• **What you are asked to do**: For the string "open", count the lines in the records below that contain it. Answer with that number alone.

• **Exercise material**:
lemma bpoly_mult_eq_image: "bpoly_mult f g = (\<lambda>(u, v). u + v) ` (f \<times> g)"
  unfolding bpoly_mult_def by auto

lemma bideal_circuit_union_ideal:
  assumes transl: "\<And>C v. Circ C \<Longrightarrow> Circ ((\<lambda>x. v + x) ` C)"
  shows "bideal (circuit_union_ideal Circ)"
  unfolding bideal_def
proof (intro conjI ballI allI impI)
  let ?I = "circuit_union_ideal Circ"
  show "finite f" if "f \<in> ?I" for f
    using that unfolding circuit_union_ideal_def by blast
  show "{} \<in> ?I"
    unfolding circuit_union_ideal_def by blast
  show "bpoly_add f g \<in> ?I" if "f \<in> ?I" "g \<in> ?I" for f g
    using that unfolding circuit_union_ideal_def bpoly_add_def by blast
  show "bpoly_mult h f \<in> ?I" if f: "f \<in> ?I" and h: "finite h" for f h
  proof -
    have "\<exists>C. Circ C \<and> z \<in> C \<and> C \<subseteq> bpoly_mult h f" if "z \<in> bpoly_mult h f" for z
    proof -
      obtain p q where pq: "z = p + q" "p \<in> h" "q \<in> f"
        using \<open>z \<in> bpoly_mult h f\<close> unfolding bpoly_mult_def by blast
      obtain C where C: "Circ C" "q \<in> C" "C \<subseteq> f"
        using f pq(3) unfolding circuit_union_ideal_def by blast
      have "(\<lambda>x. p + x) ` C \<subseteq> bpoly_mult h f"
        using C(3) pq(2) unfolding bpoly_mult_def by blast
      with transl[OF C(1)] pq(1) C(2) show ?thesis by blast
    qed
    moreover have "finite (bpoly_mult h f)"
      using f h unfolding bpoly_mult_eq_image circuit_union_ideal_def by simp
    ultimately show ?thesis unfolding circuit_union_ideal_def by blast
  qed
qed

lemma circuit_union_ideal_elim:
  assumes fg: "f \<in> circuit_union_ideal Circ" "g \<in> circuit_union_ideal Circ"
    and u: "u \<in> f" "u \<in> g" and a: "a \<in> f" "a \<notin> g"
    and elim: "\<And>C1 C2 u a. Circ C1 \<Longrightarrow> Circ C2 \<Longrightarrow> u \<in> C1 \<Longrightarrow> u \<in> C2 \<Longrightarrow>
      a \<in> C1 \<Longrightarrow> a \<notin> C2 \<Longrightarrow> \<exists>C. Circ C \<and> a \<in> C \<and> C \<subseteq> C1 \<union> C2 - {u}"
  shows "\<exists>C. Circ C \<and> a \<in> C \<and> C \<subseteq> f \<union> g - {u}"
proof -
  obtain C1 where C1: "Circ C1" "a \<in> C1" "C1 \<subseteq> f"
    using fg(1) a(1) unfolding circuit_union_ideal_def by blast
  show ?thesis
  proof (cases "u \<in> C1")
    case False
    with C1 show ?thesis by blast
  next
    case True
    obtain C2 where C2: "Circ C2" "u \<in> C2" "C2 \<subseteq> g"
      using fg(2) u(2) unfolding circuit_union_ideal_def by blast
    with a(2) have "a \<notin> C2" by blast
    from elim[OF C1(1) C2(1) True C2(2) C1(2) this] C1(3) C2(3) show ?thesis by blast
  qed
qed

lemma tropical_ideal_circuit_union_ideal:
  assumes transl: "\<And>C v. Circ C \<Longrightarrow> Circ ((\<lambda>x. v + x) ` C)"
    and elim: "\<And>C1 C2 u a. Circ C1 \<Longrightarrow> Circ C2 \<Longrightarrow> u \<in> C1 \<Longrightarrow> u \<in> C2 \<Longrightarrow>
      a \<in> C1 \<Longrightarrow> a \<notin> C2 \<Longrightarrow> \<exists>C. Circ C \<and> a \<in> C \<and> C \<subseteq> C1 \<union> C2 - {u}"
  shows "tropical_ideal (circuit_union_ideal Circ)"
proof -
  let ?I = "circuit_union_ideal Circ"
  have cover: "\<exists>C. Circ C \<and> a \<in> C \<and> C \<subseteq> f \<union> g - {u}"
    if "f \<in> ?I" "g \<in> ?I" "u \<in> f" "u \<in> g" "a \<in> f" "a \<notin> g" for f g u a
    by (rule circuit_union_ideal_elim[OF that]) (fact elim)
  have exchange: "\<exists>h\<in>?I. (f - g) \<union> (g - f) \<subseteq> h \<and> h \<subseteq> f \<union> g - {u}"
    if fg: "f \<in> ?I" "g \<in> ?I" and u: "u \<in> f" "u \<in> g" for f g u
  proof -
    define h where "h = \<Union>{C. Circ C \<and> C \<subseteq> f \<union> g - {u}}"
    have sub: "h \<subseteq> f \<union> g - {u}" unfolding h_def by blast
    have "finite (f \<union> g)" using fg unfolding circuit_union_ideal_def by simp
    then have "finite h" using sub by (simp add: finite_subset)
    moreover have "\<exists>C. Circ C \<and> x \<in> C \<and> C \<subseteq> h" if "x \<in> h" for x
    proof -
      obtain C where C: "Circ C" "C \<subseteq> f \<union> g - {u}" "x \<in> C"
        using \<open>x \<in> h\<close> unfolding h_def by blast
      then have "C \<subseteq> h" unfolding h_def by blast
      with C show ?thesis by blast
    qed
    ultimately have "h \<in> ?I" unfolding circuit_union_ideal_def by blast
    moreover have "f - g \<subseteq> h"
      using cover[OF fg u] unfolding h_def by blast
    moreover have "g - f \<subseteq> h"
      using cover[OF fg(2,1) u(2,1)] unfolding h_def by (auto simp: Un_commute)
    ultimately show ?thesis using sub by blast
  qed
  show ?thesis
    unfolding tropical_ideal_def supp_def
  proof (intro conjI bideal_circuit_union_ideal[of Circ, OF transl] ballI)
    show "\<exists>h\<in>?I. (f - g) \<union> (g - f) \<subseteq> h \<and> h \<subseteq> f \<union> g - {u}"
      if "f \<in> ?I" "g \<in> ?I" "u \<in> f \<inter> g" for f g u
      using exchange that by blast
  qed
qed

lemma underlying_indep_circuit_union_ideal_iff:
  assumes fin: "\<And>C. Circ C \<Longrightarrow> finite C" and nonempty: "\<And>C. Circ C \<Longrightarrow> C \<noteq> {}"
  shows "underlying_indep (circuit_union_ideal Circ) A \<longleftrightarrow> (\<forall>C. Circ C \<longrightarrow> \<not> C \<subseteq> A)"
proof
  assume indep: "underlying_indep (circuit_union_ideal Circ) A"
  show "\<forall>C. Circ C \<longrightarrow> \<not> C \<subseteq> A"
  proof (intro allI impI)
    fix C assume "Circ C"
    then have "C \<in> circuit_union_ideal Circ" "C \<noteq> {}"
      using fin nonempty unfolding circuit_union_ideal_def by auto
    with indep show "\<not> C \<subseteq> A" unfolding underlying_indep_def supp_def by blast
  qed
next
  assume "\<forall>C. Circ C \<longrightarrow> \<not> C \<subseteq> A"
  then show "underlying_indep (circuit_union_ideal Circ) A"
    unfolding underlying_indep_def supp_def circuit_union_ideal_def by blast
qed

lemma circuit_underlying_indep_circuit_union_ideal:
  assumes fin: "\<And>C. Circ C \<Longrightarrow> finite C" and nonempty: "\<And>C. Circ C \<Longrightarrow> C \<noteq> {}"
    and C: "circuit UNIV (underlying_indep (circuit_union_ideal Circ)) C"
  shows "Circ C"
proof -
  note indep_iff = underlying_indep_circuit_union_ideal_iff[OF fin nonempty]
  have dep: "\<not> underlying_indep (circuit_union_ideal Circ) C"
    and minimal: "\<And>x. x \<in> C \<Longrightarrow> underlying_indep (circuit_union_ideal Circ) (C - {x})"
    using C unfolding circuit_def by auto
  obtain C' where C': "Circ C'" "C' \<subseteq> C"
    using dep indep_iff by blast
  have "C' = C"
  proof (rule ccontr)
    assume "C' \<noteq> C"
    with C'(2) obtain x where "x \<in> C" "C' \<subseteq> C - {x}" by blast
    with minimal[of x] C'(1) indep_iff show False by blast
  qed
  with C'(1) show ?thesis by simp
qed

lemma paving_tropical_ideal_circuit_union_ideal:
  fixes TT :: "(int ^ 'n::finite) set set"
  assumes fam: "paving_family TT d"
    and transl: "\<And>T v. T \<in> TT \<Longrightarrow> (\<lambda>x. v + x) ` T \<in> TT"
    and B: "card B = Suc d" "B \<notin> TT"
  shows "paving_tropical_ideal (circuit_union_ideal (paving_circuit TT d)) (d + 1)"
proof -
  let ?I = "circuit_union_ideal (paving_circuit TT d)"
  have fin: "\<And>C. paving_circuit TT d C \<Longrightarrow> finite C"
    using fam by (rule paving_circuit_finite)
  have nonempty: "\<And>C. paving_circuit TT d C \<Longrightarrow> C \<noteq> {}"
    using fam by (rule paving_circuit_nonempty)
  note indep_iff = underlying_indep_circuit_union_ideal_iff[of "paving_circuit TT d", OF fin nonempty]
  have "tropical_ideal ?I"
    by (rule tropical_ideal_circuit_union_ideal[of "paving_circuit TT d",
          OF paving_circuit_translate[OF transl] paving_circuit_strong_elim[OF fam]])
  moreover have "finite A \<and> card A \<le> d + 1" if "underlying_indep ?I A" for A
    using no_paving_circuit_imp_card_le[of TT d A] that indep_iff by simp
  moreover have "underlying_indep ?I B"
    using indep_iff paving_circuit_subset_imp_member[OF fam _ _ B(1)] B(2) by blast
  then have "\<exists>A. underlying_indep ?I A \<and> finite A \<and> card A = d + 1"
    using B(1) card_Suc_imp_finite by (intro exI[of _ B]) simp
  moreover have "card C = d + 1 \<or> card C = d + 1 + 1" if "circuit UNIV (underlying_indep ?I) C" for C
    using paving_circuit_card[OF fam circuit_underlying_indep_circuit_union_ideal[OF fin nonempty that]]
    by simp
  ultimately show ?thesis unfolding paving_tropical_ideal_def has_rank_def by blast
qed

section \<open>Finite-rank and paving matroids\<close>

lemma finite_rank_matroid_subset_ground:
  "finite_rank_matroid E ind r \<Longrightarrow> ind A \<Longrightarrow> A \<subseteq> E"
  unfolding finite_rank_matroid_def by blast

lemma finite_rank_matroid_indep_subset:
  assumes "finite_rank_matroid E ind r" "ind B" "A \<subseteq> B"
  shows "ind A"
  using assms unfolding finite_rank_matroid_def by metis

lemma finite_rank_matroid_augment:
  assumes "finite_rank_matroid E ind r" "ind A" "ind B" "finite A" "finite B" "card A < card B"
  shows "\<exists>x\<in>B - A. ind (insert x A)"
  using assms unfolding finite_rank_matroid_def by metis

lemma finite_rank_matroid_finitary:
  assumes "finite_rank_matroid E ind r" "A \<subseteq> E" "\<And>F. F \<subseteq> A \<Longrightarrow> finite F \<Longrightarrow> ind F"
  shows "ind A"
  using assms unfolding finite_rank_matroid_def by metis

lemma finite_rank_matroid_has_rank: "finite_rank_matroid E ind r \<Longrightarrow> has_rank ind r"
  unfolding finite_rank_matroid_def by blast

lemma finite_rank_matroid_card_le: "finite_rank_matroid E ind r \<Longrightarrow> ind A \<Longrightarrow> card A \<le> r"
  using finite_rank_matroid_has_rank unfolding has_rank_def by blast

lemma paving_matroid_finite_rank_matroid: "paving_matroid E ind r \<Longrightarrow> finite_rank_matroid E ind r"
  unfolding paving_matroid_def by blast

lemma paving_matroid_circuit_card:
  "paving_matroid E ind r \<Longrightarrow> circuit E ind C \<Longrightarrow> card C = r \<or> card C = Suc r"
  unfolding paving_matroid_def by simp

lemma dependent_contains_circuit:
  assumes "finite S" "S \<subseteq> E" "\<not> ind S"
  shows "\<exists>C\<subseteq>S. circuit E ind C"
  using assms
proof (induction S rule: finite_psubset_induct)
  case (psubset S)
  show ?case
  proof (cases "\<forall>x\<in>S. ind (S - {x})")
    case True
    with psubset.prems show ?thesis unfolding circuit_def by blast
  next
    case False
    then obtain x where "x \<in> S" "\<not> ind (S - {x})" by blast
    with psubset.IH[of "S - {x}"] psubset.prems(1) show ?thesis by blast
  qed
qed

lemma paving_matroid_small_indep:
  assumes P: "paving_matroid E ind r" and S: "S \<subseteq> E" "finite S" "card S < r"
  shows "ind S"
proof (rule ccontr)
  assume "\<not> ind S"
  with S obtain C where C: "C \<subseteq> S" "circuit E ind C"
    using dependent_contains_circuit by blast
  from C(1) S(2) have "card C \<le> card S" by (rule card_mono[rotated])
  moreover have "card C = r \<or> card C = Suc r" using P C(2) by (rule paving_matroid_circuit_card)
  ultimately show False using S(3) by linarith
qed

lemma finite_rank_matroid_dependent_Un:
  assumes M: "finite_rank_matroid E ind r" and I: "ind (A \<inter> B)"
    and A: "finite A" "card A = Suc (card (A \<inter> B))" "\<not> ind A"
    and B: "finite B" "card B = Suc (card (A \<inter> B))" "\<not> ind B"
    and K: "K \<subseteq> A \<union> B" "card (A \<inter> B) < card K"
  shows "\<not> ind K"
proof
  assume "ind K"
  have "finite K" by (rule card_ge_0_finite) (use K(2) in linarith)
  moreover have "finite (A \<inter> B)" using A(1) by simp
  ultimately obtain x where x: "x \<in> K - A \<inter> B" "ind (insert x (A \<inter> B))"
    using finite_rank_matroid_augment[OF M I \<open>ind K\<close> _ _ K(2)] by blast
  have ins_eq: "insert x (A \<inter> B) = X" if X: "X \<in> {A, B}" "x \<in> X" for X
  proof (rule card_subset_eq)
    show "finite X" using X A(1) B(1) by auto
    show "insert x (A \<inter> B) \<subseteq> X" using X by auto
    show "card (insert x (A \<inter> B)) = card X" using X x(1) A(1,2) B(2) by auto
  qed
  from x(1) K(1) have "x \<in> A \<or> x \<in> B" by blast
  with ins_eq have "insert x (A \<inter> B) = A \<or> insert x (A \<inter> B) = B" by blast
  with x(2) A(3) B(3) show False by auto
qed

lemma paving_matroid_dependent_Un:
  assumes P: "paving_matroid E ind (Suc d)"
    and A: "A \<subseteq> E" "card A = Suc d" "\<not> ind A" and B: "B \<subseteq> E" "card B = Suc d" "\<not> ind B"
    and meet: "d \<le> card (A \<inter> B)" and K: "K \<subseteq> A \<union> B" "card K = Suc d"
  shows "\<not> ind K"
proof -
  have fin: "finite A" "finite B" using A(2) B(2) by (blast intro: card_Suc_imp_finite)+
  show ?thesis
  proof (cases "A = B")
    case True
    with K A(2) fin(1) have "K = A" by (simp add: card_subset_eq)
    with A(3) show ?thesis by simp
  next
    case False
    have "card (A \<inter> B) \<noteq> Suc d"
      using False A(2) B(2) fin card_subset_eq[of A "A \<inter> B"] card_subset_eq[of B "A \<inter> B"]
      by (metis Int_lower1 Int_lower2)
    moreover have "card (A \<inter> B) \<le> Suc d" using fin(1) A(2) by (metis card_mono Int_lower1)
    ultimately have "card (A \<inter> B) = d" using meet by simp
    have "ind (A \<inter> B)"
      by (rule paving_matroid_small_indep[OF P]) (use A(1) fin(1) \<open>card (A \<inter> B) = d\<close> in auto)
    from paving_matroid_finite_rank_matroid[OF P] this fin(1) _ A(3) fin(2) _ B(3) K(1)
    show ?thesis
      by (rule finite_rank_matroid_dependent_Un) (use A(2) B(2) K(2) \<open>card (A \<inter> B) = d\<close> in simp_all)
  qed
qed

• **Written solution**: 6